DESCRIPTION OF THE TASK ▸ The job is to output each record again, character for character.

Stored items ▸

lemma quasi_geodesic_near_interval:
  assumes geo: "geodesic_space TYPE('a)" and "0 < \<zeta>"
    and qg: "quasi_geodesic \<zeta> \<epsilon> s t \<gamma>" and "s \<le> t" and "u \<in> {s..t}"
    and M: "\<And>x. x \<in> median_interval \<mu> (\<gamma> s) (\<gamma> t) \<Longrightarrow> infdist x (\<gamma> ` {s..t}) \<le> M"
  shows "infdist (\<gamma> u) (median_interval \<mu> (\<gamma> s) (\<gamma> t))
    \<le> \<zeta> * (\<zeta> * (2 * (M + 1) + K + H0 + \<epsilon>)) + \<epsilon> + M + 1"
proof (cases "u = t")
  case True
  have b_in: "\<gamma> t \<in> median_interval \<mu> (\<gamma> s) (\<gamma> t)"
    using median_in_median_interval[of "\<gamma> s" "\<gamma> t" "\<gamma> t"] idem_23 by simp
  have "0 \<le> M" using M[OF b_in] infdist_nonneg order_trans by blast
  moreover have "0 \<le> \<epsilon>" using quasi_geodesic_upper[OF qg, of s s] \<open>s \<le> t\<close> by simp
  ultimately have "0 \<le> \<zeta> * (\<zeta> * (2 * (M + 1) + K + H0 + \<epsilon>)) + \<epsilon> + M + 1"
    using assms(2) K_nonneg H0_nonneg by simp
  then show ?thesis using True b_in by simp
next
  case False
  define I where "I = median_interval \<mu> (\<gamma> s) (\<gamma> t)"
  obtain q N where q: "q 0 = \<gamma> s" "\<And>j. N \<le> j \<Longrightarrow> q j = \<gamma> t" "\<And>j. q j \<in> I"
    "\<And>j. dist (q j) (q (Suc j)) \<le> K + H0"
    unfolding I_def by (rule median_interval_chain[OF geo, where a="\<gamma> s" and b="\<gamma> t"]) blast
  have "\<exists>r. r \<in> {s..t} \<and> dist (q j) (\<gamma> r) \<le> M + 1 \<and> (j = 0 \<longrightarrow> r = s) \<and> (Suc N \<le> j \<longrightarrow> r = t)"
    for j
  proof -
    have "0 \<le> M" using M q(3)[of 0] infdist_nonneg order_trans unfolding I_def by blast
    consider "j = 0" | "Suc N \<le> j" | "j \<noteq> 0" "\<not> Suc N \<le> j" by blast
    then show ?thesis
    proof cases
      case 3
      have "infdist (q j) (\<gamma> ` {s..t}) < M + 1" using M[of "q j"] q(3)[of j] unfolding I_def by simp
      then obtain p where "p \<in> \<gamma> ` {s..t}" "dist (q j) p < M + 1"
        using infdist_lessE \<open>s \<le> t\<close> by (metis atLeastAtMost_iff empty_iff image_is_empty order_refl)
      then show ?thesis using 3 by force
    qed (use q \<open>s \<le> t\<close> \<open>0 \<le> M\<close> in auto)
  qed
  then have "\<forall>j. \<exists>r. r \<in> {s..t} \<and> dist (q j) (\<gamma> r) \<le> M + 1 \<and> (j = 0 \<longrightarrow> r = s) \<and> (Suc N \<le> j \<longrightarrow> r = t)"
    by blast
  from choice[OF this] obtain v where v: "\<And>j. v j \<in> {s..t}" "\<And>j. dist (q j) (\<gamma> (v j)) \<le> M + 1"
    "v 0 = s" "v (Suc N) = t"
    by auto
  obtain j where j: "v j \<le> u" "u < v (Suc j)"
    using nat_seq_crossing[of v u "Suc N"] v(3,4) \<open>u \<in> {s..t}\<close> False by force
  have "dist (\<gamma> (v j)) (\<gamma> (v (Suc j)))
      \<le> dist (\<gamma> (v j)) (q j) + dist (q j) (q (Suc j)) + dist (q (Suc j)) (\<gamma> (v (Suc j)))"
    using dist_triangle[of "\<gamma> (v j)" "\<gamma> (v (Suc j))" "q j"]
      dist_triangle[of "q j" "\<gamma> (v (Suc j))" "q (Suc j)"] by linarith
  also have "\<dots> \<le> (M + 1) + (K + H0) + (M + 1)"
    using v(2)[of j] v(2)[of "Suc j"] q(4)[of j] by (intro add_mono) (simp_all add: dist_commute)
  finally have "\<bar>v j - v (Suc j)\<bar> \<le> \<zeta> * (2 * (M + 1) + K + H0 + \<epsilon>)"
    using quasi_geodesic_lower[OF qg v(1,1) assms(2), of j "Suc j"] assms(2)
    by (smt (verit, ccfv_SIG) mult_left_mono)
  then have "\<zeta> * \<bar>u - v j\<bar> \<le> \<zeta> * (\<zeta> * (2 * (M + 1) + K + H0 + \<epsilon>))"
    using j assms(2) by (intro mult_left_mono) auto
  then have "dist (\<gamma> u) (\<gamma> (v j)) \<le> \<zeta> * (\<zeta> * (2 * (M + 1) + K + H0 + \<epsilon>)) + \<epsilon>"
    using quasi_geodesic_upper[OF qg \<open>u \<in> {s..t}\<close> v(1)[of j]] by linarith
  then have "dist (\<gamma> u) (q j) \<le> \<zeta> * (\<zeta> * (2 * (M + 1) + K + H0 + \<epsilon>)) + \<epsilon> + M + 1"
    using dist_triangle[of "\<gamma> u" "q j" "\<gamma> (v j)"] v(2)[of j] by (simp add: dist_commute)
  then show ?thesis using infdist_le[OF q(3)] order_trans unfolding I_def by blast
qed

PROBLEM SOLUTION ▸
lemma quasi_geodesic_near_interval:
  assumes geo: "geodesic_space TYPE('a)" and "0 < \<zeta>"
    and qg: "quasi_geodesic \<zeta> \<epsilon> s t \<gamma>" and "s \<le> t" and "u \<in> {s..t}"
    and M: "\<And>x. x \<in> median_interval \<mu> (\<gamma> s) (\<gamma> t) \<Longrightarrow> infdist x (\<gamma> ` {s..t}) \<le> M"
  shows "infdist (\<gamma> u) (median_interval \<mu> (\<gamma> s) (\<gamma> t))
    \<le> \<zeta> * (\<zeta> * (2 * (M + 1) + K + H0 + \<epsilon>)) + \<epsilon> + M + 1"
proof (cases "u = t")
  case True
  have b_in: "\<gamma> t \<in> median_interval \<mu> (\<gamma> s) (\<gamma> t)"
    using median_in_median_interval[of "\<gamma> s" "\<gamma> t" "\<gamma> t"] idem_23 by simp
  have "0 \<le> M" using M[OF b_in] infdist_nonneg order_trans by blast
  moreover have "0 \<le> \<epsilon>" using quasi_geodesic_upper[OF qg, of s s] \<open>s \<le> t\<close> by simp
  ultimately have "0 \<le> \<zeta> * (\<zeta> * (2 * (M + 1) + K + H0 + \<epsilon>)) + \<epsilon> + M + 1"
    using assms(2) K_nonneg H0_nonneg by simp
  then show ?thesis using True b_in by simp
next
  case False
  define I where "I = median_interval \<mu> (\<gamma> s) (\<gamma> t)"
  obtain q N where q: "q 0 = \<gamma> s" "\<And>j. N \<le> j \<Longrightarrow> q j = \<gamma> t" "\<And>j. q j \<in> I"
    "\<And>j. dist (q j) (q (Suc j)) \<le> K + H0"
    unfolding I_def by (rule median_interval_chain[OF geo, where a="\<gamma> s" and b="\<gamma> t"]) blast
  have "\<exists>r. r \<in> {s..t} \<and> dist (q j) (\<gamma> r) \<le> M + 1 \<and> (j = 0 \<longrightarrow> r = s) \<and> (Suc N \<le> j \<longrightarrow> r = t)"
    for j
  proof -
    have "0 \<le> M" using M q(3)[of 0] infdist_nonneg order_trans unfolding I_def by blast
    consider "j = 0" | "Suc N \<le> j" | "j \<noteq> 0" "\<not> Suc N \<le> j" by blast
    then show ?thesis
    proof cases
      case 3
      have "infdist (q j) (\<gamma> ` {s..t}) < M + 1" using M[of "q j"] q(3)[of j] unfolding I_def by simp
      then obtain p where "p \<in> \<gamma> ` {s..t}" "dist (q j) p < M + 1"
        using infdist_lessE \<open>s \<le> t\<close> by (metis atLeastAtMost_iff empty_iff image_is_empty order_refl)
      then show ?thesis using 3 by force
    qed (use q \<open>s \<le> t\<close> \<open>0 \<le> M\<close> in auto)
  qed
  then have "\<forall>j. \<exists>r. r \<in> {s..t} \<and> dist (q j) (\<gamma> r) \<le> M + 1 \<and> (j = 0 \<longrightarrow> r = s) \<and> (Suc N \<le> j \<longrightarrow> r = t)"
    by blast
  from choice[OF this] obtain v where v: "\<And>j. v j \<in> {s..t}" "\<And>j. dist (q j) (\<gamma> (v j)) \<le> M + 1"
    "v 0 = s" "v (Suc N) = t"
    by auto
  obtain j where j: "v j \<le> u" "u < v (Suc j)"
    using nat_seq_crossing[of v u "Suc N"] v(3,4) \<open>u \<in> {s..t}\<close> False by force
  have "dist (\<gamma> (v j)) (\<gamma> (v (Suc j)))
      \<le> dist (\<gamma> (v j)) (q j) + dist (q j) (q (Suc j)) + dist (q (Suc j)) (\<gamma> (v (Suc j)))"
    using dist_triangle[of "\<gamma> (v j)" "\<gamma> (v (Suc j))" "q j"]
      dist_triangle[of "q j" "\<gamma> (v (Suc j))" "q (Suc j)"] by linarith
  also have "\<dots> \<le> (M + 1) + (K + H0) + (M + 1)"
    using v(2)[of j] v(2)[of "Suc j"] q(4)[of j] by (intro add_mono) (simp_all add: dist_commute)
  finally have "\<bar>v j - v (Suc j)\<bar> \<le> \<zeta> * (2 * (M + 1) + K + H0 + \<epsilon>)"
    using quasi_geodesic_lower[OF qg v(1,1) assms(2), of j "Suc j"] assms(2)
    by (smt (verit, ccfv_SIG) mult_left_mono)
  then have "\<zeta> * \<bar>u - v j\<bar> \<le> \<zeta> * (\<zeta> * (2 * (M + 1) + K + H0 + \<epsilon>))"
    using j assms(2) by (intro mult_left_mono) auto
  then have "dist (\<gamma> u) (\<gamma> (v j)) \<le> \<zeta> * (\<zeta> * (2 * (M + 1) + K + H0 + \<epsilon>)) + \<epsilon>"
    using quasi_geodesic_upper[OF qg \<open>u \<in> {s..t}\<close> v(1)[of j]] by linarith
  then have "dist (\<gamma> u) (q j) \<le> \<zeta> * (\<zeta> * (2 * (M + 1) + K + H0 + \<epsilon>)) + \<epsilon> + M + 1"
    using dist_triangle[of "\<gamma> u" "q j" "\<gamma> (v j)"] v(2)[of j] by (simp add: dist_commute)
  then show ?thesis using infdist_le[OF q(3)] order_trans unfolding I_def by blast
qed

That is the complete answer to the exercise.